- Decades:: 2000s; 2010s; 2020s;
- See also:: Other events of 2020 List of years in Georgia (country)

= 2020 in Georgia =

The following lists events in 2020 in Georgia.

==Incumbents==
===National===
- President: Salome Zourabichvili (since 2018)
- Prime Minister: Giorgi Gakharia (since 2019)
- Chairperson of Parliament: Archil Talakvadze (since 2019)

===Autonomous republics===
====Adjara====
- Chairman of the Government: Tornike Rizhvadze (since 2018)
- Chairman of the Supreme Council: Davit Gabaidze (since 2016)

====Abkhazia====
- Chairman of Government (-in-exile): Ruslan Abashidze (since 2019)
- Chairman of the Supreme Council (-in-exile): Jemal Gamakharia (since 2019)

===Disputed territories===
====Abkhazia====
- President: Raul Khadjimba (until 13 January), Valeri Bganba (acting, from 13 January)
- Prime Minister: Valeri Bganba (since 2018)
- Chairman of People's Assembly: Valeri Kvarchia (since 2017)

====South Ossetia====
- President: Anatoly Bibilov (since 2017)
- Prime Minister: Erik Pukhayev (since 2017)
- Chairman of Parliament: Pyotr Gasiev (since 2017)

== Events ==
=== January ===
- 7 January – A high-ranking police official pleads guilty to beating and killing a 24-year-old man on 2 January in Tbilisi, one of a series of recent major incidents of police excesses in Georgia.
- 9 January – The Government of Georgia ends its contract with the Anaklia Development Consortium over funding issues. As a result the consortium planned legal action, while critics cited political interference.
- 10 January – The Abkhaz “Supreme Court” annuls the previous presidential runoff results. Raul Khajimba vows to appeal the ruling.
- 12 January – Raul Khajimba, the Moscow-backed leader of occupied Abkhazia, resigns amid protests demanding his departure.

=== February ===
- 10 February – Opposition parties withdraw from the foreign-facilitated electoral reform talks after the jailing of Gigi Ugulava.
- 26 February – Georgia reports its first confirmed case of COVID-19; a Georgian citizen returning from Iran via Azerbaijan is hospitalized immediately.

=== March ===
- 21 March – Georgia declares a one-month state of emergency over COVID-19, closing non-essential businesses and banning gatherings over 10 people.
- 22 March – Aslan Bzhania is inaugurated as the President of Abkhazia, appointing Alexander Ankvab to head the cabinet.

=== April ===
- 21 April – Georgia extends the COVID-19 state of emergency for an additional month.

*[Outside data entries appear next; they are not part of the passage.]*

lemma generator_in_cone_of:
  assumes "finite S" "s \<in> S"
  shows "s \<in> cone_of S"
proof -
  have "(\<Sum>t\<in>S. (if t = s then 1 else 0) *\<^sub>R t) = s"
    using assms by (simp add: if_distrib[of "\<lambda>c. c *\<^sub>R _"] cong: if_cong)
  then show ?thesis
    unfolding cone_of_def by (auto intro!: exI[of _ "\<lambda>t. if t = s then 1 else 0"])
qed

lemma linear_eq_0_on_cone_of:
  assumes "linear \<phi>" "\<forall>s\<in>S. \<phi> s = 0" "x \<in> cone_of S"
  shows "\<phi> x = 0"
  using linear_eq_0_on_span[OF assms(1)] assms(2,3) cone_of_subset_span by blast

subsection \<open>Integral bases and integral linear functions\<close>

lemma span_int_basis:
  fixes B :: "(real^'n) set"
  assumes "int_basis B"
  shows "span B = UNIV"
proof -
  have "lattice_pts \<subseteq> span B"
  proof
    fix x :: "real^'n" assume "x \<in> lattice_pts"
    then obtain c where "x = (\<Sum>b\<in>B. c b *\<^sub>R b)"
      using assms unfolding int_basis_def by blast
    then show "x \<in> span B" by (simp add: sum_scaleR_in_span)
  qed
  moreover have "Basis \<subseteq> lattice_pts"
    unfolding lattice_pts_def Basis_vec_def by (auto simp: axis_def)
  ultimately have "span Basis \<subseteq> span B"
    by (meson order_trans span_minimal subspace_span)
  then show ?thesis by (simp add: span_Basis top.extremum_unique)
qed

lemma int_basis_coordinate:
  fixes B :: "(real^'n) set"
  assumes "int_basis B" "b0 \<in> B"
  obtains \<phi> :: "real^'n \<Rightarrow> real"
  where "linear \<phi>" "\<forall>x\<in>lattice_pts. \<phi> x \<in> \<int>" "\<phi> b0 = 1" "\<forall>b\<in>B - {b0}. \<phi> b = 0"
proof -
  have fin: "finite B" and ind: "independent B"
    and coords: "\<forall>x\<in>lattice_pts. \<exists>c. (\<forall>b\<in>B. c b \<in> \<int>) \<and> x = (\<Sum>b\<in>B. c b *\<^sub>R b)"
    using assms(1) unfolding int_basis_def by auto
  obtain \<phi> :: "real^'n \<Rightarrow> real" where lin: "linear \<phi>" and val: "\<forall>b\<in>B. \<phi> b = (if b = b0 then 1 else 0)"
    using linear_independent_extend[OF ind, of "\<lambda>b. if b = b0 then 1 else 0"] by blast
  have "\<phi> x \<in> \<int>" if x: "x \<in> lattice_pts" for x
  proof -
    obtain c where c: "\<forall>b\<in>B. c b \<in> \<int>" "x = (\<Sum>b\<in>B. c b *\<^sub>R b)"
      using coords x by blast
    have "\<phi> x = (\<Sum>b\<in>B. c b * \<phi> b)"
      using c(2) lin by (simp add: linear_sum linear_scale)
    also have "\<dots> = (\<Sum>b\<in>B. if b = b0 then c b else 0)"
      using val by (intro sum.cong) auto
    also have "\<dots> = c b0"
      using fin assms(2) by simp
    finally show ?thesis using c(1) assms(2) by simp
  qed
  with lin val assms(2) show ?thesis by (intro that[of \<phi>]) auto
qed
lemma abs_diff_le_of_gradient_bound:
  fixes r :: "'a::euclidean_space \<Rightarrow> real"
  assumes "\<And>y. (r has_derivative (\<lambda>h. g y \<bullet> h)) (at y)" and "\<And>y. norm (g y) \<le> B"
  shows "\<bar>r x - r y\<bar> \<le> B * norm (x - y)"
proof -
  have "onorm (\<lambda>h. g y \<bullet> h) \<le> B" for y
  proof (rule onorm_le)
    show "norm (g y \<bullet> h) \<le> B * norm h" for h
      using Cauchy_Schwarz_ineq2[of "g y" h] mult_right_mono[OF assms(2)[of y] norm_ge_zero[of h]]
      by simp
  qed
  then show ?thesis
    using differentiable_bound[of UNIV r "\<lambda>y h. g y \<bullet> h" B x y] assms(1) by simp
qed

lemma abs_remainder_le_of_gradient_bound:
  fixes r :: "'a::euclidean_space \<Rightarrow> real"
  assumes "\<And>y. (r has_derivative (\<lambda>h. g y \<bullet> h)) (at y)" and "\<And>y. norm (g y) \<le> B"
  shows "\<bar>r (p + h) - r p - g p \<bullet> h\<bar> \<le> 2 * B * norm h"
proof -
  have "\<bar>r (p + h) - r p - g p \<bullet> h\<bar> \<le> B * norm h + norm (g p) * norm h"
    using abs_diff_le_of_gradient_bound[OF assms, of "p + h" p] Cauchy_Schwarz_ineq2[of "g p" h]
    by simp
  also have "\<dots> \<le> 2 * B * norm h"
    using mult_right_mono[OF assms(2)[of p] norm_ge_zero[of h]] by simp
  finally show ?thesis .
qed
lemma zero_in_Root: "0 \<in> Root n v"
proof -
  have arcs: "(0, 1) \<in> arcs n" "(1, 0) \<in> arcs n" using n_ge_3 by (auto simp: arcs_def)
  have "root_vert v (0, 1) \<in> Root n v" "root_vert v (1, 0) \<in> Root n v"
    unfolding Root_eq using arcs by (auto intro!: hull_inc)
  then have "(1/2) *\<^sub>R root_vert v (0, 1) + (1/2) *\<^sub>R root_vert v (1, 0) \<in> Root n v"
    by (intro convexD[OF convex_Root]) simp_all
  then show ?thesis by (simp add: root_vert_def scaleR_right_diff_distrib)
qed

text \<open>For \<open>\<supseteq>\<close>, scale a point onto the sphere, where it is an image point of \<open>phi\<close> and
  hence lies in a simplex spanned by roots.\<close>

lemma Root_eq_l1_ball: "Root n v = {x. x \<in> H0 \<and> l1_norm x \<le> 2}"
proof
  have "root_vert v ` arcs n \<subseteq> {x. x \<in> H0 \<and> l1_norm x \<le> 2}"
    using root_vert_in_sphere by auto
  moreover have "convex {x. x \<in> H0 \<and> l1_norm x \<le> 2}"
    using convex_Int[OF subspace_imp_convex[OF subspace_H0] convex_l1_ball[of 2]]
    by (simp add: Int_def)
  ultimately show "Root n v \<subseteq> {x. x \<in> H0 \<and> l1_norm x \<le> 2}"
    unfolding Root_eq by (rule hull_minimal)
next
  show "{x. x \<in> H0 \<and> l1_norm x \<le> 2} \<subseteq> Root n v"
  proof
    fix x :: "real^'n" assume "x \<in> {x. x \<in> H0 \<and> l1_norm x \<le> 2}"
    then have x: "x \<in> H0" "l1_norm x \<le> 2" by auto
    show "x \<in> Root n v"
    proof (cases "x = 0")
      case True then show ?thesis using zero_in_Root by simp
    next
      case False
      have "l1_norm x \<noteq> 0"
      proof
        assume "l1_norm x = 0"
        then have "\<forall>i. x $ i = 0" using sum_nonneg_eq_0_iff[of UNIV "\<lambda>i. \<bar>x $ i\<bar>"]
          by (simp add: l1_norm_def)
        then show False using False by (simp add: vec_eq_iff)
      qed
      then have pos: "0 < l1_norm x" using l1_norm_nonneg[of x] by linarith
      define y where "y = (2 / l1_norm x) *\<^sub>R x"
      have "y \<in> H0" unfolding y_def by (rule subspace_scale[OF subspace_H0 x(1)])
      moreover have "l1_norm y = 2" using pos by (simp add: y_def l1_norm_scaleR)
      ultimately obtain \<sigma> t where \<sigma>: "admissible n \<sigma>" "t \<in> geom_simplex \<sigma>" "phi n v t = y"
        by (rule phi_onto_l1_sphere)
      have "convex hull (root_vert v ` \<sigma>) \<subseteq> Root n v"
        unfolding Root_eq using \<sigma>(1) by (intro hull_mono image_mono) (simp add: admissible_def)
      then have y_Root: "y \<in> Root n v" using phi_geom_simplex[OF \<sigma>(1)] \<sigma> by blast
      have "(l1_norm x / 2) *\<^sub>R y + (1 - l1_norm x / 2) *\<^sub>R 0 \<in> Root n v"
        by (rule convexD[OF convex_Root y_Root zero_in_Root]) (use pos x(2) in auto)
      then show ?thesis using pos by (simp add: y_def)
    qed
  qed
qed
(* $K_{10}$ and $K_{12}-C_{12}$ both have vertex connectivity $9$ and orientable genus $4$. $K_{14}$ and $K_{15}-6K_2$ both have vertex connectivity $13$ and orientable genus $10$. In particular, $K_{10}$ is not the unique graph with vertex connectivity 9 and genus 4, and $K_{14}$ is not the unique graph with vertex connectivity 13 and genus 10.
   Context: $K_{12}-C_{12}$ is $K_{12}$ with the edges of a Hamiltonian cycle removed. $K_{15}-6K_2$ is $K_{15}$ with the edges of a matching of size 6 removed. Genus means the minimum orientable genus of a surface in which the graph embeds. *)

theory Defs
  imports Main
begin

text \<open>Finite simple graphs: a vertex set V and a set E of 2-element subsets of V.\<close>

type_synonym 'a graph = "'a set \<times> 'a set set"

definition verts :: "'a graph \<Rightarrow> 'a set" where "verts G = fst G"
definition edges :: "'a graph \<Rightarrow> 'a set set" where "edges G = snd G"

definition simple_graph :: "'a graph \<Rightarrow> bool" where
  "simple_graph G \<longleftrightarrow> finite (verts G) \<and>
     (\<forall>e\<in>edges G. \<exists>u v. e = {u, v} \<and> u \<noteq> v \<and> u \<in> verts G \<and> v \<in> verts G)"

definition complete_graph :: "nat \<Rightarrow> nat graph" where
  "complete_graph n = ({0..<n}, {{u, v} | u v. u < n \<and> v < n \<and> u \<noteq> v})"

definition complete_minus_ham_cycle :: "nat \<Rightarrow> nat graph" where
  "complete_minus_ham_cycle n =
     ({0..<n}, edges (complete_graph n) - {{i, (i + 1) mod n} | i. i < n})"

definition complete_minus_matching :: "nat \<Rightarrow> nat \<Rightarrow> nat graph" where
  "complete_minus_matching n m =
     ({0..<n}, edges (complete_graph n) - {{2 * i, 2 * i + 1} | i. i < m})"

definition connected_on :: "'a set \<Rightarrow> 'a set set \<Rightarrow> bool" where
  "connected_on W E \<longleftrightarrow>
     (\<forall>u\<in>W. \<forall>v\<in>W. (\<lambda>x y. x \<in> W \<and> y \<in> W \<and> {x, y} \<in> E)\<^sup>*\<^sup>* u v)"

definition vertex_connectivity :: "'a graph \<Rightarrow> nat" where
  "vertex_connectivity G = Min {card S | S. S \<subseteq> verts G \<and>
      (\<not> connected_on (verts G - S) (edges G) \<or> card (verts G - S) \<le> 1)}"

text \<open>Orientable genus via rotation systems (Heffter--Edmonds--Ringel rotation principle).  Faces are the orbits of the face-tracing permutation
  (u,v) \<mapsto> rho (v,u).\<close>

definition darts :: "'a set set \<Rightarrow> ('a \<times> 'a) set" where
  "darts E = {(u, v). {u, v} \<in> E \<and> u \<noteq> v}"

definition orb :: "('b \<Rightarrow> 'b) \<Rightarrow> 'b \<Rightarrow> 'b set" where
  "orb f x = {(f ^^ n) x | n. True}"

definition is_rotation_system :: "'a set set \<Rightarrow> ('a \<times> 'a \<Rightarrow> 'a \<times> 'a) \<Rightarrow> bool" where
  "is_rotation_system E \<rho> \<longleftrightarrow> bij_betw \<rho> (darts E) (darts E) \<and>
     (\<forall>d\<in>darts E. fst (\<rho> d) = fst d \<and> orb \<rho> d = {d' \<in> darts E. fst d' = fst d})"

definition face_perm :: "('a \<times> 'a \<Rightarrow> 'a \<times> 'a) \<Rightarrow> 'a \<times> 'a \<Rightarrow> 'a \<times> 'a" where
  "face_perm \<rho> = (\<lambda>(u, v). \<rho> (v, u))"

definition num_faces :: "'a set set \<Rightarrow> ('a \<times> 'a \<Rightarrow> 'a \<times> 'a) \<Rightarrow> nat" where
  "num_faces E \<rho> = card (orb (face_perm \<rho>) ` darts E)"

text \<open>Orientable genus of a connected graph: the least g such that some rotation system
  (i.e. some cellular embedding in an orientable surface) satisfies Euler's formula
  V - E + F = 2 - 2g.\<close>
definition orientable_genus :: "'a graph \<Rightarrow> nat" where
  "orientable_genus G = (LEAST g. \<exists>\<rho>. is_rotation_system (edges G) \<rho> \<and>
      int (card (verts G)) - int (card (edges G)) + int (num_faces (edges G) \<rho>)
        = 2 - 2 * int g)"

definition graph_iso :: "'a graph \<Rightarrow> 'b graph \<Rightarrow> bool" where
  "graph_iso G H \<longleftrightarrow> (\<exists>f. bij_betw f (verts G) (verts H) \<and>
     (\<forall>u\<in>verts G. \<forall>v\<in>verts G. {u, v} \<in> edges G \<longleftrightarrow> {f u, f v} \<in> edges H))"

end

theory Submission
  imports Defs
begin

text \<open>Each face of a cellular embedding of a simple graph without vertices of degree one has at
  least three sides, so \<open>3F \<le> 2E\<close>, and Euler's formula \<open>V - E + F = 2 - 2g\<close> gives
  \<open>g \<ge> (E - 3V + 6) / 6\<close>. For \<open>K\<^sub>1\<^sub>0\<close>, \<open>K\<^sub>1\<^sub>2 - C\<^sub>1\<^sub>2\<close>, \<open>K\<^sub>1\<^sub>4\<close> and \<open>K\<^sub>1\<^sub>5 - 6K\<^sub>2\<close>
  this bound rounds up to 4, 4, 10 and 10, and explicit rotation systems attaining it, with their
  face boundaries as certificates, are checked by evaluation.

  For the connectivities, deleting all but one vertex of \<open>K\<^sub>n\<close>, all but a matched pair of
  \<open>K\<^sub>n - mK\<^sub>2\<close>, or all but three consecutive vertices of \<open>K\<^sub>n - C\<^sub>n\<close> leaves at most one vertex
  or a disconnected graph. Deleting fewer vertices leaves at least 2, 3 or 4 vertices, among which
  any two non-adjacent ones are joined by a path of length at most 2, or 3 in the last case.

  The graphs in each pair have different orders, hence are not isomorphic.\<close>

section \<open>Orbits of a bijection of a finite set\<close>

lemma funpow_in_orb: "(f ^^ k) x \<in> orb f x"
  unfolding orb_def by blast

lemma self_in_orb: "x \<in> orb f x"
  using funpow_in_orb[of 0] by simp

lemma orb_subset: "bij_betw f A A \<Longrightarrow> x \<in> A \<Longrightarrow> orb f x \<subseteq> A"
  unfolding orb_def using bij_betwE[OF bij_betw_funpow] by blast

Curfews are kept, businesses experience closures, and city lockdowns are in place.

=== May ===
- 14-15 May – As the rotating presidency of the Council of Europe, Georgia hosts the 130th meeting of the Committee of Ministers of the Council of Europe in Tbilisi.
- 22 May – Parliament grants the government authority to restrict rights without a state of emergency for the next two months.

=== August ===
- 28 August – Protests erupt in Tskhinvali following the death of inmate Inal Jabiev, who had been hospitalized after alleged severe beatings. In response, the Interior Minister Igor Naniev is fired and the “prime minister” resigns.
- 31 August – Hundreds of protesters return to central Tskhinvali, demanding Bibilov’s resignation and accountability from the occupied region's “prosecutor general” Uruzmag Jagaev.

=== October ===
- 17 October – Two Georgian civil servants are investigated for allegedly misusing maps in border talks with Azerbaijan, sparking political controversy over the David Gareji monastery.
- 31 October – Georgian Dream wins the parliamentary elections; the opposition United National Movement rejects the results and protests; the OSCE notes some irregularities.

=== November ===
- 8 November – Police use water cannons against peaceful protesters outside the central election commission building.

== Deaths ==
- 5 January – Anri Jergenia, former head of the Abkhaz separatist government (b. 1941).
- 21 January – Tengiz Sigua, former Prime Minister (b. 1934).